TASK DESCRIPTION:
Please repeat all of the listing exactly.
....
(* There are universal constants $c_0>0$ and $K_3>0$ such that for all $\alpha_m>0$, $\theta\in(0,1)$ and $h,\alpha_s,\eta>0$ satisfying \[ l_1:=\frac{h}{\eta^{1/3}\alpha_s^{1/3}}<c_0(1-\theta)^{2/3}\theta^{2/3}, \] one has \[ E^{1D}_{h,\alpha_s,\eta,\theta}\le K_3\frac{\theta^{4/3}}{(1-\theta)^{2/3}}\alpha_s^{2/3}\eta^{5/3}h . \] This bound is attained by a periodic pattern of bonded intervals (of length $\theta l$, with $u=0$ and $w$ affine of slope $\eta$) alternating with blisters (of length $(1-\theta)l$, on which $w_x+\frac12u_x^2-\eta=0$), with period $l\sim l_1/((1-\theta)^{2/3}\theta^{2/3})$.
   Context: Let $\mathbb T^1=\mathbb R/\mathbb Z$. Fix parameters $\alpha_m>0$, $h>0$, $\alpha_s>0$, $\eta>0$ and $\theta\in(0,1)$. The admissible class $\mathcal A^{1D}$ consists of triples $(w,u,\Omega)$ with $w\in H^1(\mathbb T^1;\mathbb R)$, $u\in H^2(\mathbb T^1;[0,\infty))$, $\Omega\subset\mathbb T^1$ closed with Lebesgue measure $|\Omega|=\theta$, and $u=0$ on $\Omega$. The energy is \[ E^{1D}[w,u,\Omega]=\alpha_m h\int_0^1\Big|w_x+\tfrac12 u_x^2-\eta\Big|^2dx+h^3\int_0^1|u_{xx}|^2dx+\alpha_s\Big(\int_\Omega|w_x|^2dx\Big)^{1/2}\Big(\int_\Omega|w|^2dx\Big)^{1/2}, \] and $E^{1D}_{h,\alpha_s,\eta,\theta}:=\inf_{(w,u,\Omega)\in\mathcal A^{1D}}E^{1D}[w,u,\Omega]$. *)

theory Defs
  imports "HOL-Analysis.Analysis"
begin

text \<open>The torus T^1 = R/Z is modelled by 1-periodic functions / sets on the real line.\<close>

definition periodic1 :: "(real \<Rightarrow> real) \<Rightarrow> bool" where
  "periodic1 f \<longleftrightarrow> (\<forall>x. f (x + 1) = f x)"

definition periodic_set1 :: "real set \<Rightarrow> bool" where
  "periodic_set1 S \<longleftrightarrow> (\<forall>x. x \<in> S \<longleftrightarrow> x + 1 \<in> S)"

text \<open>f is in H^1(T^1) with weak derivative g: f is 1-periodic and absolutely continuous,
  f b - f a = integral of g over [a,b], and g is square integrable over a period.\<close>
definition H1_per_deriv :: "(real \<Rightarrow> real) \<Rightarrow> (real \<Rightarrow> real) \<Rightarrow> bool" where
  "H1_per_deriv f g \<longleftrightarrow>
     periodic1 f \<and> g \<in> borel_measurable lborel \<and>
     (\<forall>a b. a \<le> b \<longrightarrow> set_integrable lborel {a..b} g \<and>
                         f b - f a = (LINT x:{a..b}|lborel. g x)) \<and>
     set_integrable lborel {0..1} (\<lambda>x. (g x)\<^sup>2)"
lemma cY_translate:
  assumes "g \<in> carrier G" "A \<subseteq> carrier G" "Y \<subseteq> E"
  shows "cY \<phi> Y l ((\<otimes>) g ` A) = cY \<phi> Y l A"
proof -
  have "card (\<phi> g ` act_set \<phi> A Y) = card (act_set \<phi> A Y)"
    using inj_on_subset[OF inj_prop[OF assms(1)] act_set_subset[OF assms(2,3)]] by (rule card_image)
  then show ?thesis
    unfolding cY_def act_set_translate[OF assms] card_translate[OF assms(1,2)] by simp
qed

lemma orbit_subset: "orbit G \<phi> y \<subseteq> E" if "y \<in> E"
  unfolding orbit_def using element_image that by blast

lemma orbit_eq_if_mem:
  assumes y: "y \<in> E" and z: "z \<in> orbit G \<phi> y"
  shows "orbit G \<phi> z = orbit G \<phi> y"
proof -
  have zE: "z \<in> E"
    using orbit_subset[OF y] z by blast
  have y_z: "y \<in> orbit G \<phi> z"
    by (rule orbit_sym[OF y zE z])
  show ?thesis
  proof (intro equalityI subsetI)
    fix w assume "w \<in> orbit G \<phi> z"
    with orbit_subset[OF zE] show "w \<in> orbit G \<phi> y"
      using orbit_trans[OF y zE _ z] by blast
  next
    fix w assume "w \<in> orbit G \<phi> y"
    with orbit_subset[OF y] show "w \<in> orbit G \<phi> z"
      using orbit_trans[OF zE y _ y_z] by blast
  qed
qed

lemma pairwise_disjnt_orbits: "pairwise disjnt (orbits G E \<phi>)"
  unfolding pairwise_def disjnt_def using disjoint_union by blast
....
SOLUTION TO THIS TASK:
(* There are universal constants $c_0>0$ and $K_3>0$ such that for all $\alpha_m>0$, $\theta\in(0,1)$ and $h,\alpha_s,\eta>0$ satisfying \[ l_1:=\frac{h}{\eta^{1/3}\alpha_s^{1/3}}<c_0(1-\theta)^{2/3}\theta^{2/3}, \] one has \[ E^{1D}_{h,\alpha_s,\eta,\theta}\le K_3\frac{\theta^{4/3}}{(1-\theta)^{2/3}}\alpha_s^{2/3}\eta^{5/3}h . \] This bound is attained by a periodic pattern of bonded intervals (of length $\theta l$, with $u=0$ and $w$ affine of slope $\eta$) alternating with blisters (of length $(1-\theta)l$, on which $w_x+\frac12u_x^2-\eta=0$), with period $l\sim l_1/((1-\theta)^{2/3}\theta^{2/3})$.
   Context: Let $\mathbb T^1=\mathbb R/\mathbb Z$. Fix parameters $\alpha_m>0$, $h>0$, $\alpha_s>0$, $\eta>0$ and $\theta\in(0,1)$. The admissible class $\mathcal A^{1D}$ consists of triples $(w,u,\Omega)$ with $w\in H^1(\mathbb T^1;\mathbb R)$, $u\in H^2(\mathbb T^1;[0,\infty))$, $\Omega\subset\mathbb T^1$ closed with Lebesgue measure $|\Omega|=\theta$, and $u=0$ on $\Omega$. The energy is \[ E^{1D}[w,u,\Omega]=\alpha_m h\int_0^1\Big|w_x+\tfrac12 u_x^2-\eta\Big|^2dx+h^3\int_0^1|u_{xx}|^2dx+\alpha_s\Big(\int_\Omega|w_x|^2dx\Big)^{1/2}\Big(\int_\Omega|w|^2dx\Big)^{1/2}, \] and $E^{1D}_{h,\alpha_s,\eta,\theta}:=\inf_{(w,u,\Omega)\in\mathcal A^{1D}}E^{1D}[w,u,\Omega]$. *)

theory Defs
  imports "HOL-Analysis.Analysis"
begin

text \<open>The torus T^1 = R/Z is modelled by 1-periodic functions / sets on the real line.\<close>

definition periodic1 :: "(real \<Rightarrow> real) \<Rightarrow> bool" where
  "periodic1 f \<longleftrightarrow> (\<forall>x. f (x + 1) = f x)"

definition periodic_set1 :: "real set \<Rightarrow> bool" where
  "periodic_set1 S \<longleftrightarrow> (\<forall>x. x \<in> S \<longleftrightarrow> x + 1 \<in> S)"

text \<open>f is in H^1(T^1) with weak derivative g: f is 1-periodic and absolutely continuous,
  f b - f a = integral of g over [a,b], and g is square integrable over a period.\<close>
definition H1_per_deriv :: "(real \<Rightarrow> real) \<Rightarrow> (real \<Rightarrow> real) \<Rightarrow> bool" where
  "H1_per_deriv f g \<longleftrightarrow>
     periodic1 f \<and> g \<in> borel_measurable lborel \<and>
     (\<forall>a b. a \<le> b \<longrightarrow> set_integrable lborel {a..b} g \<and>
                         f b - f a = (LINT x:{a..b}|lborel. g x)) \<and>
     set_integrable lborel {0..1} (\<lambda>x. (g x)\<^sup>2)"
lemma cY_translate:
  assumes "g \<in> carrier G" "A \<subseteq> carrier G" "Y \<subseteq> E"
  shows "cY \<phi> Y l ((\<otimes>) g ` A) = cY \<phi> Y l A"
proof -
  have "card (\<phi> g ` act_set \<phi> A Y) = card (act_set \<phi> A Y)"
    using inj_on_subset[OF inj_prop[OF assms(1)] act_set_subset[OF assms(2,3)]] by (rule card_image)
  then show ?thesis
    unfolding cY_def act_set_translate[OF assms] card_translate[OF assms(1,2)] by simp
qed

lemma orbit_subset: "orbit G \<phi> y \<subseteq> E" if "y \<in> E"
  unfolding orbit_def using element_image that by blast

lemma orbit_eq_if_mem:
  assumes y: "y \<in> E" and z: "z \<in> orbit G \<phi> y"
  shows "orbit G \<phi> z = orbit G \<phi> y"
proof -
  have zE: "z \<in> E"
    using orbit_subset[OF y] z by blast
  have y_z: "y \<in> orbit G \<phi> z"
    by (rule orbit_sym[OF y zE z])
  show ?thesis
  proof (intro equalityI subsetI)
    fix w assume "w \<in> orbit G \<phi> z"
    with orbit_subset[OF zE] show "w \<in> orbit G \<phi> y"
      using orbit_trans[OF y zE _ z] by blast
  next
    fix w assume "w \<in> orbit G \<phi> y"
    with orbit_subset[OF y] show "w \<in> orbit G \<phi> z"
      using orbit_trans[OF zE y _ y_z] by blast
  qed
qed

lemma pairwise_disjnt_orbits: "pairwise disjnt (orbits G E \<phi>)"
  unfolding pairwise_def disjnt_def using disjoint_union by blast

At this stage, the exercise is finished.